The emotion of clients and mediums could be considered as an expression of an art themselves. These days, any film would not waste such time and effort to merely observe spectators expressing their emotions unless it is accompanied by a brilliant close up of a movie’s star making an explosion of feelings or this scene revolves around one intense feeling. Such pieces of film do seem to return to the ‘original’ point of cringe-inducing close ups why were they (CUs) invented?

A medium who gets embarrassed during the session sessions reveals that his motivation stems from a need to link with something great. So is everybody.

Another interesting perception that comes out is that all mediums more or less have absorbed the narcissistic dimension of the personality and at the same time have a genuine altruistic and compassionate orientation. All of them seem to be truly concerned about their clients and about the clients’ problems and want to help resolve them. Certainly, it is always in the subconscious where the urge originates.

A pivotal element of the film is the plot that includes visits with a certain medium a writer, actor and a cinephile. His space is well, ‘chaos’ is probably an understatement. Messy. He knows it and is ashamed to the extent that he asks the cameramen not to turn the camera in the direction of his bedroom because it is worse than the other rooms that have been shown. One of his favorites is Salles’ Central Station where an older woman takes on a young boy who she tries to help, and he also likes an American movie Ordinary People. No matter how much he tries to elaborate on the two movies that he loves, it’s a painful subject for him and consequently he starts shedding tears. He’s damaged, the same way his patients are.

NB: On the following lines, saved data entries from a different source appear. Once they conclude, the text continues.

(* Let $\mathcal G'_3$, $\tau$, $\mathcal G'_6$ and $\mathcal B$ be as in the context. There is a first-order sentence $\psi$ in the signature $\Gamma_6\cup\{<\}$ which is $(\mathcal G'_6,\mathcal B)$-invariant and such that for every $(G,x,y,z)\in\mathcal G'_3$: if $x,y,z$ lie in one connected component and $d(x,y)=d(x,z)$, then $G^\tau\models(\mathfrak B<)\psi$; if $x,y,z$ do not all lie in one connected component, or $|d(x,y)-d(x,z)|\ge 2$, then $G^\tau\models\neg(\mathfrak B<)\psi$.
   Context: Graphs are finite and undirected; $d$ denotes graph distance. A linear order $<$ of the vertex set of a graph, listing vertices $v_1<\dots<v_n$, is a breadth-first traversal (BFT) if for each $i\ge2$, whenever some $v_j$ with $j<i$ has a neighbour outside $\{v_1,\dots,v_{i-1}\}$, $v_i$ is adjacent to $v_{j^*}$ for the least such $j^*$ (i.e. $<$ is a visiting order of breadth-first search). Equivalently: for all $u<v<w$, $uEw$ implies some $x<v$ with $x\le u$ has $xEv$. $\Gamma_n$ is the signature with a binary relation symbol $E$ and $n$ constant symbols; an $n$-pointed graph is a graph with $n$ distinguished vertices. $\mathcal G'_3$ is the family of finite 3-pointed graphs $(G,x,y,z)$ such that, if $x,y,z$ lie in the same connected component, then $|d(x,y)-d(x,z)|\neq 1$. For a 3-pointed graph $(G,x,y,z)$, $G^\tau$ is the 6-pointed graph obtained from two disjoint copies $G_1,G_2$ of $G$ (each with edges inherited from $G$) by adding a single edge between $x_1$ and $x_2$, where $x_i,y_i,z_i$ denote the copies of $x,y,z$ in $G_i$; its constants are $x_1,y_1,z_1,x_2,y_2,z_2$ (this is given by a 2-dimensional quantifier-free interpretation $\tau:\Gamma_6\to\Gamma_3$). $\mathcal G'_6=\{G^\tau: G\in\mathcal G'_3\}$, and $\mathcal B$ is the family of all expansions $(H,<)$ with $H\in\mathcal G'_6$ and $<$ a BFT of $H$. A $\Gamma_6\cup\{<\}$-sentence $\psi$ is $(\mathcal G'_6,\mathcal B)$-invariant if $(H,<)\models\psi\iff(H',<')\models\psi$ for all $(H,<),(H',<')\in\mathcal B$ with $H\cong H'$. For such $\psi$ and $H\in\mathcal G'_6$, $H\models(\mathfrak B<)\psi$ means $(H,<)\models\psi$ for some (equivalently every) BFT $<$ of $H$. *)

theory Defs
  imports Main
begin

text \<open>Terms: variables (indexed by nat) and constant symbols c_0,...,c_5
  (only indices below 6 are allowed in sentences).\<close>
datatype fo_term = Var nat | Cst nat

datatype fo =
    Eq fo_term fo_term
  | Edge fo_term fo_term
  | Less fo_term fo_term
  | Neg fo
  | Conj fo fo
  | Disj fo fo
  | Ex nat fo
  | All nat fo

fun fv_term :: "fo_term \<Rightarrow> nat set" where
  "fv_term (Var n) = {n}"
| "fv_term (Cst k) = {}"

fun cs_term :: "fo_term \<Rightarrow> nat set" where
  "cs_term (Var n) = {}"
| "cs_term (Cst k) = {k}"

fun fv :: "fo \<Rightarrow> nat set" where
  "fv (Eq s t) = fv_term s \<union> fv_term t"
| "fv (Edge s t) = fv_term s \<union> fv_term t"
| "fv (Less s t) = fv_term s \<union> fv_term t"
| "fv (Neg p) = fv p"
| "fv (Conj p q) = fv p \<union> fv q"
| "fv (Disj p q) = fv p \<union> fv q"
| "fv (Ex x p) = fv p - {x}"
| "fv (All x p) = fv p - {x}"

fun consts_of :: "fo \<Rightarrow> nat set" where
  "consts_of (Eq s t) = cs_term s \<union> cs_term t"
| "consts_of (Edge s t) = cs_term s \<union> cs_term t"
| "consts_of (Less s t) = cs_term s \<union> cs_term t"
| "consts_of (Neg p) = consts_of p"
| "consts_of (Conj p q) = consts_of p \<union> consts_of q"
| "consts_of (Disj p q) = consts_of p \<union> consts_of q"
| "consts_of (Ex x p) = consts_of p"
| "consts_of (All x p) = consts_of p"

definition sentence6 :: "fo \<Rightarrow> bool" where
  "sentence6 p \<longleftrightarrow> fv p = {} \<and> consts_of p \<subseteq> {..<6}"

fun eval_term :: "(nat \<Rightarrow> 'v) \<Rightarrow> (nat \<Rightarrow> 'v) \<Rightarrow> fo_term \<Rightarrow> 'v" where
  "eval_term c \<rho> (Var n) = \<rho> n"
| "eval_term c \<rho> (Cst k) = c k"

Everyone is in pain. Perhaps, this is the key message of the film. There is suffering in each and every one of us deep cut lonely wounds, scars that Don’t go away and it’s just about how much people can take before they lose themselves. This is made even more prominent in the last passage when all the mediums come together and talk about therapy in this group where they are able to network and discuss their work.

‘It’s not completely altruistic’, another medium informs. ‘As a matter of fact, there is no selflessness. Everyone is healed.’

Cinema is a medium, in both senses of the word bringing people closer to each other and to the dead.